Exercise details: Lines holding the word "symmetric" are the ones to copy from the data below.

Saved data entries
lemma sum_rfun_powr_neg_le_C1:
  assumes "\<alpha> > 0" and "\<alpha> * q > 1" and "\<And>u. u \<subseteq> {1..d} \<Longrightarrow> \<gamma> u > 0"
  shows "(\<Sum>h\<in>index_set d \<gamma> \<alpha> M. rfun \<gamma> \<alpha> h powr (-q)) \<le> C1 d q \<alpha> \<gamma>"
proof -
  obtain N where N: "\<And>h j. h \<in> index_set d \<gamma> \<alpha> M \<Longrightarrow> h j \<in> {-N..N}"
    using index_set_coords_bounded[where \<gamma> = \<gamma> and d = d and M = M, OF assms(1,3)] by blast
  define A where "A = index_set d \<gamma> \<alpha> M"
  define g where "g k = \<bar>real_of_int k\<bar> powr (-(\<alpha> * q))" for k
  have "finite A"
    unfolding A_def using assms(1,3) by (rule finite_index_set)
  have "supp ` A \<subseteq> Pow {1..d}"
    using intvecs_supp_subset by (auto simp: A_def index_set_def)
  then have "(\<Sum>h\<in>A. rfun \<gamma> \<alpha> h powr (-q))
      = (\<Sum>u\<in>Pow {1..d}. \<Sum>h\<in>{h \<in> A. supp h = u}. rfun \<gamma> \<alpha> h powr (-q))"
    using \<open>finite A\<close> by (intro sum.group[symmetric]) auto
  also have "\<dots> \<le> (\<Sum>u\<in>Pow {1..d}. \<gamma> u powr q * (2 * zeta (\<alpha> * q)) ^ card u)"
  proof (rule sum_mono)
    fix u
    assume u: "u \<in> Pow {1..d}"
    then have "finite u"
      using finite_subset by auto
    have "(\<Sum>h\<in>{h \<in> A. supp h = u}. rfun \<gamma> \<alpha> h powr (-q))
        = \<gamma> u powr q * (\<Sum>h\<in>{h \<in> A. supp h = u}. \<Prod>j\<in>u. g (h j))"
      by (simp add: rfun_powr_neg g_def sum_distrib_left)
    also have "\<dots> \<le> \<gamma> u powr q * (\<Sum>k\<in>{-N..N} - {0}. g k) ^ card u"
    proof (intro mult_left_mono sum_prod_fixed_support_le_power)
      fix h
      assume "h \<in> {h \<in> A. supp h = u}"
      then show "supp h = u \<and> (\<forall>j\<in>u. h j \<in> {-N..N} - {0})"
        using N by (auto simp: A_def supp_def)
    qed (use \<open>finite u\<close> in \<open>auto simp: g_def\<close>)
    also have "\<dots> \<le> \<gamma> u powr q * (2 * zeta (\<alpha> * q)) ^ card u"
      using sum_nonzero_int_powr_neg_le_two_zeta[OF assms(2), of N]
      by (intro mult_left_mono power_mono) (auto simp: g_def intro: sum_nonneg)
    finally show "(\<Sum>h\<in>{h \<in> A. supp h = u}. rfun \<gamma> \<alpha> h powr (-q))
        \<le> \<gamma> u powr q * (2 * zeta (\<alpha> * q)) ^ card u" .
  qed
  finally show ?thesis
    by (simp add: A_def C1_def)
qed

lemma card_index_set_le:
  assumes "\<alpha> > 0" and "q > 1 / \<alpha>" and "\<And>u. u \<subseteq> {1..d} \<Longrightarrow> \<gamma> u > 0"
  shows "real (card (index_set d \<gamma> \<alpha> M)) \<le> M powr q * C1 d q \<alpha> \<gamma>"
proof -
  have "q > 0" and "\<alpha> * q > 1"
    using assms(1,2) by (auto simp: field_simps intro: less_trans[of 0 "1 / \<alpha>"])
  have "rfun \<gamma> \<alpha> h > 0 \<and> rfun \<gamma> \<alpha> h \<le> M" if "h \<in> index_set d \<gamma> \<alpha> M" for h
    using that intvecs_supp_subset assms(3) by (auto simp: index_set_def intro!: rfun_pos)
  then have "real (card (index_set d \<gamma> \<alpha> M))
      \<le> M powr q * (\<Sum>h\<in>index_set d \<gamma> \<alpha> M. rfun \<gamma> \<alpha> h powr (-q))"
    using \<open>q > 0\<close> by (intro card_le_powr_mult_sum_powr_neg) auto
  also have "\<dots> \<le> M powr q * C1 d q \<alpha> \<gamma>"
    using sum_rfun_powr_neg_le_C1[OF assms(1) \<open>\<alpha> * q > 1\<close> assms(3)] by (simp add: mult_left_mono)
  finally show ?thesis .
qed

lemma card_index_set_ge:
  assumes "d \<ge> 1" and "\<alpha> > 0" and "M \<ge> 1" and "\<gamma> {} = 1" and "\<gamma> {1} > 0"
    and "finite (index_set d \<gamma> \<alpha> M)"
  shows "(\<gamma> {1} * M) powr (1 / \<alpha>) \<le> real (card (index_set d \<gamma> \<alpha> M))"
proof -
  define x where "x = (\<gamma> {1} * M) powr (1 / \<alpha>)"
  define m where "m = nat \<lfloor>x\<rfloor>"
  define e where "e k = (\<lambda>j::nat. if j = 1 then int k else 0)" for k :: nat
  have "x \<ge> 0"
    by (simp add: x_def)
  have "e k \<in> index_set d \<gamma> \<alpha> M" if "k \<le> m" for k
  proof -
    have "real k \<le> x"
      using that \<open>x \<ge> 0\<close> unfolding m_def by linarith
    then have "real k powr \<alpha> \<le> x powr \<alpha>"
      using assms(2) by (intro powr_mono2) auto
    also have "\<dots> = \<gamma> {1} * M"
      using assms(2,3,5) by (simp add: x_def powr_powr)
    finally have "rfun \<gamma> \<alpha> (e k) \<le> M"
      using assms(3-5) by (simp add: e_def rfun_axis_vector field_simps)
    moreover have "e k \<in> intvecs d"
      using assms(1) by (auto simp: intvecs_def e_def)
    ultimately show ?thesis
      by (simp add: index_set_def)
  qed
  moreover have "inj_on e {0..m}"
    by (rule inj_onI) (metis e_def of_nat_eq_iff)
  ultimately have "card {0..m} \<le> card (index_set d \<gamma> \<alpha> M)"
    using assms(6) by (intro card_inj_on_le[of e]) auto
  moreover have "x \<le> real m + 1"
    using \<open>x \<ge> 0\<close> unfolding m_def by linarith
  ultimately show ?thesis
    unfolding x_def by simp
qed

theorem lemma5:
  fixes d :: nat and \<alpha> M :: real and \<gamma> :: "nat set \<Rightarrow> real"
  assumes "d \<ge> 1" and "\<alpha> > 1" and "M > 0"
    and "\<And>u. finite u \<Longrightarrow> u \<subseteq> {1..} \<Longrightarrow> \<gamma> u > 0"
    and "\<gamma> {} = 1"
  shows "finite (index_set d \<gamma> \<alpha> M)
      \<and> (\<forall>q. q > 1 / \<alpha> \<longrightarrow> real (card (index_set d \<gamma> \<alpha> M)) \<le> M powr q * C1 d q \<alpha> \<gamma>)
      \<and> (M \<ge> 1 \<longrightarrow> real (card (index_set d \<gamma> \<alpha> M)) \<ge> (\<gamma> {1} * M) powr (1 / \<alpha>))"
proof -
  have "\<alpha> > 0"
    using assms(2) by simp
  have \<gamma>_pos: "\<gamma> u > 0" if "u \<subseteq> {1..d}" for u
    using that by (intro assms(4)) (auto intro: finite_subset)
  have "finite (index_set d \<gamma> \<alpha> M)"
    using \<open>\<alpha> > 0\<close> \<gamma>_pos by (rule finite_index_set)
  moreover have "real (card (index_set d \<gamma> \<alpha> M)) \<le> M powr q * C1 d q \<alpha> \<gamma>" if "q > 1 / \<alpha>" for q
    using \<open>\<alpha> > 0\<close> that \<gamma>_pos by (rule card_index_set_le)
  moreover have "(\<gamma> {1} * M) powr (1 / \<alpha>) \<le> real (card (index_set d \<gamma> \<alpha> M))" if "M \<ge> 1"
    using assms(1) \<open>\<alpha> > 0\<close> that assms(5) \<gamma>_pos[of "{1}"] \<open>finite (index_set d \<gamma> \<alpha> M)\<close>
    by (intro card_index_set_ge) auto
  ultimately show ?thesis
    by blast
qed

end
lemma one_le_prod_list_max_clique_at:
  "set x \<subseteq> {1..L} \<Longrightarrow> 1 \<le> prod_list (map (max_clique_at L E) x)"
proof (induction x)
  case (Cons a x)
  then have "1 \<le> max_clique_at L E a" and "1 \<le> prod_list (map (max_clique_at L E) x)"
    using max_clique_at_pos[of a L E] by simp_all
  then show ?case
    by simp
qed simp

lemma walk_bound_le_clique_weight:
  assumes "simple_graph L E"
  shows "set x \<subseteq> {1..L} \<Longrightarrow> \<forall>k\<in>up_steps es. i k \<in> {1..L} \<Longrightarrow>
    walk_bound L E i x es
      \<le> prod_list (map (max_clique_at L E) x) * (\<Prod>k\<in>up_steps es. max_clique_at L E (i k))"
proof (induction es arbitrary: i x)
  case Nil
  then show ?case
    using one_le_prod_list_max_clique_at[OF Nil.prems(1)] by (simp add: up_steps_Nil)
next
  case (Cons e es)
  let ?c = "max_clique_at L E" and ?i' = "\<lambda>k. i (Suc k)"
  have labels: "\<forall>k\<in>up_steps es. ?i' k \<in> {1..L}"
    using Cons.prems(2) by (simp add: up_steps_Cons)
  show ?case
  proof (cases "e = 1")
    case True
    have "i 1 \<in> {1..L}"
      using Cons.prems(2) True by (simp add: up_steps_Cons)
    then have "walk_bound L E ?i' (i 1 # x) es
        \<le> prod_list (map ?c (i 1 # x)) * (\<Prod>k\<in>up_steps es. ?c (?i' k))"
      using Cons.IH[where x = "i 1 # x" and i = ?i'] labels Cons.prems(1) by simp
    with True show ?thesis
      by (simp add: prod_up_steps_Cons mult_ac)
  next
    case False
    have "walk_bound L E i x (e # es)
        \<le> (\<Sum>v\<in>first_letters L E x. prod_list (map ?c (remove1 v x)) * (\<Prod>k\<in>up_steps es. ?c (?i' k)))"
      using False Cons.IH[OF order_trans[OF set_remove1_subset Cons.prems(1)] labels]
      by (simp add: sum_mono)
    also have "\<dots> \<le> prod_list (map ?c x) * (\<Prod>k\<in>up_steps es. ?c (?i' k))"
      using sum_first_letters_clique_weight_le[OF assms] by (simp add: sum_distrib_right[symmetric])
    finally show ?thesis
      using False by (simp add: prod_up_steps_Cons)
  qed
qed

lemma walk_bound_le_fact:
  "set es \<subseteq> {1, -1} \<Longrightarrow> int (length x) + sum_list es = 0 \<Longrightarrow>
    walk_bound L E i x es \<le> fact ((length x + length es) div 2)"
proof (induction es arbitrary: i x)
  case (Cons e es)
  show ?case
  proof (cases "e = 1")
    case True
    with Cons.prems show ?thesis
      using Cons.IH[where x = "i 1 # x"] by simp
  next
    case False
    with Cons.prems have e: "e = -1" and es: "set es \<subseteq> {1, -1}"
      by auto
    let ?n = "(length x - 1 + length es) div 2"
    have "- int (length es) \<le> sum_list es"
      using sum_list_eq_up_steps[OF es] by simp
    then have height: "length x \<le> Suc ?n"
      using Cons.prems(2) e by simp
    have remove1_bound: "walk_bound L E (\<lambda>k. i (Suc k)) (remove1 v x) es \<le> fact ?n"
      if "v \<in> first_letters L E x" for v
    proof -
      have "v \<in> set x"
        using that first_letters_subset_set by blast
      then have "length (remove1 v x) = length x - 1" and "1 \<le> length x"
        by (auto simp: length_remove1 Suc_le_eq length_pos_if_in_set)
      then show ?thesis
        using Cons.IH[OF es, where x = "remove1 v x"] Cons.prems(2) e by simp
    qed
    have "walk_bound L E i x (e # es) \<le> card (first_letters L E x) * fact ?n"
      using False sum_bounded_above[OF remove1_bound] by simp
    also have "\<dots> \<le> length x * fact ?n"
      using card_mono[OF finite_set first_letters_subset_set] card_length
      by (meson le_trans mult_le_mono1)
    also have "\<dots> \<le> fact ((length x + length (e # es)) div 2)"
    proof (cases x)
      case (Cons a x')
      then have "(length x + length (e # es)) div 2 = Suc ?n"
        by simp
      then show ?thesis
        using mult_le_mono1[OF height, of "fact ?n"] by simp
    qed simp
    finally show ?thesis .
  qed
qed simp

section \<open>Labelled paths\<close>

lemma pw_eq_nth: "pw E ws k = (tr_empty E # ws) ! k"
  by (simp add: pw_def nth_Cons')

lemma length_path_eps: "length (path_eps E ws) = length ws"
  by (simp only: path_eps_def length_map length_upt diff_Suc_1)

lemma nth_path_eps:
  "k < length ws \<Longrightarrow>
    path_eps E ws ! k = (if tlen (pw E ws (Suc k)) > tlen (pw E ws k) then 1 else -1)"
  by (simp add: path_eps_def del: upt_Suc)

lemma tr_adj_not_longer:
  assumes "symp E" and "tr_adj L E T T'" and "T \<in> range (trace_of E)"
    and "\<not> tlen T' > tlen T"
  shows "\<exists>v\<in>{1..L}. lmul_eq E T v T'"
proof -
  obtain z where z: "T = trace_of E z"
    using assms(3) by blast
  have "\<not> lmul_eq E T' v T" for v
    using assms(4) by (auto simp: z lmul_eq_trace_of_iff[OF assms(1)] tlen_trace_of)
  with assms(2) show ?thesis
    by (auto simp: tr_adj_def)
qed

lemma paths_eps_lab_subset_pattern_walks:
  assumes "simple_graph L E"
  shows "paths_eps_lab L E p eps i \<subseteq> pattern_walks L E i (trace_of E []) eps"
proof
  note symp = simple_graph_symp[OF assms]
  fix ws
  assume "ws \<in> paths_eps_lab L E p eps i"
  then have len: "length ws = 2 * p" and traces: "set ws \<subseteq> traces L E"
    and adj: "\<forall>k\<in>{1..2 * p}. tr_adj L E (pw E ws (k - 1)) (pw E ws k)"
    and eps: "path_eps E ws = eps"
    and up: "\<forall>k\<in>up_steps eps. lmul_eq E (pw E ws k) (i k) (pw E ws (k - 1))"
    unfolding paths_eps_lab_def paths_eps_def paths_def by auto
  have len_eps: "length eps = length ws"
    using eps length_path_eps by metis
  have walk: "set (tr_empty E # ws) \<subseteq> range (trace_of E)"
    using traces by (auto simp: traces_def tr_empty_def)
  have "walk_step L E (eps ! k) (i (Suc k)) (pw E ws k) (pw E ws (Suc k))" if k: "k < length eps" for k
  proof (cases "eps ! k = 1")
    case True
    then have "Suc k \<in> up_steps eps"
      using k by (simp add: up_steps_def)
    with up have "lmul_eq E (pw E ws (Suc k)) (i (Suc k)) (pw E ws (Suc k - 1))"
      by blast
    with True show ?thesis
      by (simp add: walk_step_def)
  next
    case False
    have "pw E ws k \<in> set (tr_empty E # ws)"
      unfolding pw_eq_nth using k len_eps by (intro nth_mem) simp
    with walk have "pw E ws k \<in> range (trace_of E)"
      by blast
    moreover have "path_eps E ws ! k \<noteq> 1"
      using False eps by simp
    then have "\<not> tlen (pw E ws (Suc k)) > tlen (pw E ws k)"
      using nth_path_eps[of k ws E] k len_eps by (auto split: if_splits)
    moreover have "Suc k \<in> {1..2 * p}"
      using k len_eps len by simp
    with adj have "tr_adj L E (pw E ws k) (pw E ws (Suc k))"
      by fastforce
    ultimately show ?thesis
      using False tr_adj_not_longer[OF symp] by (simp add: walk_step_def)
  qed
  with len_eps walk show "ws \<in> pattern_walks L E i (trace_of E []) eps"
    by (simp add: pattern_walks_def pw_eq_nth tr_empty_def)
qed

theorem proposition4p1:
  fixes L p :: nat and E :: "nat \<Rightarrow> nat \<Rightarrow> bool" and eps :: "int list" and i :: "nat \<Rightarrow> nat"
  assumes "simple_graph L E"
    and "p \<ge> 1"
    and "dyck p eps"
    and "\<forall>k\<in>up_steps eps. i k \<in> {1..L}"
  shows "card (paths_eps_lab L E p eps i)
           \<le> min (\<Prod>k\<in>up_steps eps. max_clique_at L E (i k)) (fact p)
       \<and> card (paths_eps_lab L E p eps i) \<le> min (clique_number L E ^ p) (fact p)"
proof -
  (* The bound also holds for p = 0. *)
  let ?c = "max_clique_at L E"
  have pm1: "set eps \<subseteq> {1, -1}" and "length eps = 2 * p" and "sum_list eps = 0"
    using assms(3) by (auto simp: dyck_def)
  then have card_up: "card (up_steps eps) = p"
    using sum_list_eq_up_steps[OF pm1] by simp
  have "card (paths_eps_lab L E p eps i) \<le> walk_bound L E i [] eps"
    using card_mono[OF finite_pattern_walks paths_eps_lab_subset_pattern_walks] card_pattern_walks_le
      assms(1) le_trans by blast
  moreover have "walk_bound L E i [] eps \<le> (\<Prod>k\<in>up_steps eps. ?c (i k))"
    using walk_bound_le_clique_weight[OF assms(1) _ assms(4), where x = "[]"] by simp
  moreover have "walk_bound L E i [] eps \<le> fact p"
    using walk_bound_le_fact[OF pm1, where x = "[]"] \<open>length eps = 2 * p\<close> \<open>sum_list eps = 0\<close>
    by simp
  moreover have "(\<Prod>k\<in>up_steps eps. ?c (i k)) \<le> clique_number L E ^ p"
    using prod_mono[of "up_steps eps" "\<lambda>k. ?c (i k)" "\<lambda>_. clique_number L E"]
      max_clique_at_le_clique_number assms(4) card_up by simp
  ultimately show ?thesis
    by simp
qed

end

Finished exercise:
    using \<open>finite A\<close> by (intro sum.group[symmetric]) auto
      using sum_first_letters_clique_weight_le[OF assms] by (simp add: sum_distrib_right[symmetric])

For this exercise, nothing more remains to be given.